One more relevant factor is rotation. Again, CSS values do the trick: @style="transform:rotateY(45deg)" and similar commands. More explanation of these features is not warranted by the scope of the current MRW content. The challenge here is not to incorporate TEI P5 tags, but to get the CMSs to insert them and to get the CMSs, typesetters, and platforms to display them.

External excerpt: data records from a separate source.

theorem theorem31:
  fixes A :: "real mat" and n :: nat
  assumes "n \<ge> 1" and "STJS n A"
  shows "\<exists>ev :: nat \<Rightarrow> real.
           char_poly A = (\<Prod>i<n. [:- ev i, 1:]) \<and>
           (\<forall>i. Suc i < n \<longrightarrow> ev (Suc i) < ev i) \<and>
           ev (n - 1) > 0 \<and>
           spectral_radius (map_mat complex_of_real A) = ev 0"
proof -
  have A: "A \<in> carrier_mat n n" using assms(2) unfolding STJS_def by simp
  obtain as where cp: "char_poly (map_mat complex_of_real A) = (\<Prod>a\<leftarrow>as. [:- a, 1:])"
    and len: "length as = n" and sorted: "sorted (map (\<lambda>a. - cmod a) as)"
    using char_poly_factorized_sorted[of "map_mat complex_of_real A" n] A by auto
  have sorted_norm: "cmod (as ! k) \<le> cmod (as ! i)" if "i \<le> k" "k < n" for i k
    using sorted_nth_mono[OF sorted that(1)] that len by simp
  note dom = compound_dominant_product[OF assms(2) cp]
  define ev where "ev k = Re (as ! k)" for k
  have pos: "as ! k = complex_of_real (ev k) \<and> 0 < ev k" if "k < n" for k
    unfolding ev_def
    by (rule positive_decreasing_if_dominant_products(1)[of n "(!) as"]) (assumption | rule sorted_norm dom that)+
  have decr: "ev (Suc k) < ev k" if "Suc k < n" for k
    unfolding ev_def
    by (rule positive_decreasing_if_dominant_products(2)[of n "(!) as"]) (assumption | rule sorted_norm dom that)+
  have cpc: "char_poly (map_mat complex_of_real A) = (\<Prod>i<n. [:- complex_of_real (ev i), 1:])"
    unfolding cp prod.list_conv_set_nth using pos len by (auto simp: atLeast0LessThan intro!: prod.cong)
  have "spectral_radius (map_mat complex_of_real A) = ev 0"
    by (rule spectral_radius_eq_largest_root[OF _ _ cpc]) (use A assms(1) pos decr in auto)
  then show ?thesis using char_poly_of_real_factorization[OF A cpc] decr pos[of "n - 1"] assms(1) by auto
qed

end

A final relevant factor is text orientation. This concerns the rotation of glyphs. When vertical and horizontal scripts are mixed, for example in a French-Chinese or Japanese-Indonesian dictionary, the need may arise to make explicit how the glyphs are oriented. The table below gives the pertinent CSS value pairs.

Text orientation

TEI P5 Annotation
style=”text-orientation: mixed” Default. Specifies that characters from horizontal-only scripts are set sideways, i.e. 90° clockwise from their standard orientation in horizontal text. Characters from vertical scripts are set with their intrinsic orientation.
style=”text-orientation: upright” Specifies that characters from horizontal-only scripts are rendered upright, i.e. in their standard horizontal orientation. Characters from vertical scripts are set with their intrinsic orientation and shaped normally.
style=”text-orientation: sideways-right” Causes text to be set as if in a horizontal layout, but rotated 90° clockwise. Vertical orientation in horizontal scripts.
style=”text-orientation: sideways-left “ Causes text to be set as if in a horizontal layout, but rotated 90° counter-clockwise. Vertical orientation in horizontal scripts.
style=”text-orientation: sideways” https://www.w3.org/TR/css-writing-modes-3/
style=”text-orientation: use-glyph-orientation” https://www.w3.org/TR/css-writing-modes-3/

Example

<p>Examples include Jer 21:2 (<foreign style="direction:rtl; unicode-bidi:embed;" xml:lang="he-Hebr">נְבוּכַדְרֶאצַּרמֶלֶךְ־בָּבֶל</foreign> "Nebuchadrezzar, king of Babylon" instead of βασιλεὺς Βαβυλῶνος "King of Babylon") and Jer 26[33]:22 (<foreign style="direction:rtl; unicode-bidi:embed;" xml:lang="he-Hebr">הַמֶּלֶךְיְהֹויָקִים</foreign> "Jehoiachim, the king" instead of ὁ βασιλεὺς "the king").</p>

Appendix on glyph variants

Unicode makes possible the use of the correct character, but the glyph is chosen (or set) by the font. However, in some cases it may be required to display a glyph variant. There is Brill documentation on the fonts containing the glyph variants, on the Open Type functionality that enables this, and on the input and display of such glyph variants. It remains here to show how this works in TEI XML.

The key is BCP-47, which allows more values than only language and script. In this case, we add to the value an “x” to indicate private use, followed by the identifier of the glyph variant. This is added to the element surrounding the character of which we want the glyph variant to be displayed. Brill requires that a glyph variant is set per individual character. Therefore, the element must be <g>, which stands for “gaiji”, which is the Japanese term for a non-standardized character or glyph. The XML will thus read

<g xml:lang="[language id]-[script id]-x-[glyph variant id]">[Unicode point]</g>

Note that this use of the <g> element is not standard TEI: TEI would have a @ref attribute in <g> with a value that refers back to declared characters (or glyph variants) in a <charDecl> element in the <encodingDesc> element.